Regardless of the value of our findings, some limitations to our study should be kept in mind. The small number of tissue samples (obtained close to plasma collection) that were available did not allow us to carry out a robust comparative study between MET CN obtained from plasma and tissue. Despite this limitation, we showed that plasma may be a good option for monitoring the molecular evolution of the disease, which is even more relevant in patients for which a tissue-rebiopsy is not feasible.
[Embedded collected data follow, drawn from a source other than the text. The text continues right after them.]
lemma exists_vertex_with_cyclic_neighbour:
  assumes "0 < m" "\<forall>S\<in>G. S \<subseteq> {0..<m}" "\<forall>S\<in>G. \<forall>T\<in>G. \<not> axax_pair m S T"
  shows "\<exists>i<m. \<forall>S\<in>G. \<not> isolated_in m i S"
proof (rule ccontr)
  assume "\<not> ?thesis"
  then have isolated: "\<exists>S\<in>G. isolated_in m i S" if "i < m" for i
    using that by blast
  let ?P = "\<lambda>(i, S). i < m \<and> S \<in> G \<and> isolated_in m i S" and ?gap = "\<lambda>(i, S). first_gap m S i"
  obtain S0 where "?P (0, S0)" using isolated assms(1) by auto
  then obtain p where "?P p" and minimal: "\<forall>q. ?P q \<longrightarrow> ?gap p \<le> ?gap q"
    using ex_has_least_nat[of ?P "(0, S0)" ?gap] by blast
  then obtain i S where "p = (i, S)" "i < m" "S \<in> G" "isolated_in m i S" by (cases p) auto
  moreover obtain T where "T \<in> G" "isolated_in m (Suc i mod m) T"
    using isolated[of "Suc i mod m"] assms(1) by auto
  moreover have "first_gap m S i \<le> first_gap m T (Suc i mod m)"
    using minimal[rule_format, of "(Suc i mod m, T)"] calculation assms(1) by simp
  ultimately have "axax_pair m S T"
    using assms(2) by (intro axax_pair_of_adjacent_isolated) auto
  with \<open>S \<in> G\<close> \<open>T \<in> G\<close> assms(3) show False by blast
qed

section \<open>Outerplanar graphs on a linearly ordered vertex set\<close>

definition strict_linorder_on :: "('a \<Rightarrow> 'a \<Rightarrow> bool) \<Rightarrow> 'a set \<Rightarrow> bool" where
  "strict_linorder_on lt V \<longleftrightarrow> (\<forall>x\<in>V. \<not> lt x x)
     \<and> (\<forall>x\<in>V. \<forall>y\<in>V. \<forall>z\<in>V. lt x y \<longrightarrow> lt y z \<longrightarrow> lt x z)
     \<and> (\<forall>x\<in>V. \<forall>y\<in>V. x \<noteq> y \<longrightarrow> lt x y \<or> lt y x)"

definition cycle_edges :: "('a \<Rightarrow> 'a \<Rightarrow> bool) \<Rightarrow> 'a set \<Rightarrow> 'a set set" where
  "cycle_edges lt V = {{A, B} | A B. A \<in> V \<and> B \<in> V \<and> lt A B \<and>
      ((\<not> (\<exists>X\<in>V. lt A X \<and> lt X B)) \<or> (\<forall>X\<in>V. \<not> lt X A \<and> \<not> lt B X))}"

definition crossing :: "('a \<Rightarrow> 'a \<Rightarrow> bool) \<Rightarrow> 'a set \<Rightarrow> 'a set \<Rightarrow> bool" where
  "crossing lt e f \<longleftrightarrow> (\<exists>A B C D. e = {A, B} \<and> f = {C, D} \<and> lt A C \<and> lt C B \<and> lt B D)"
In addition, we implemented the detection of MET expression in CTCs from cancer patients using two complementary technologies and obtaining promising results. Nevertheless, taking into account the limited follow-up of the patients and the heterogeneity of MET overexpression found within the different tumor types and the technologies, the real clinical value of the assessment of MET expression in CTCs must be evaluated also in a larger cohort of patients.
In conclusion, we developed specific and noninvasive assays to monitor MET expression on CTCs and MET CN on cfDNA using blood from cancer patients. Both molecular alterations were detected in patients with different tumors and represent a good opportunity to characterize these tumors in a noninvasive and dynamic way, as well as guiding the addition of MET inhibitors.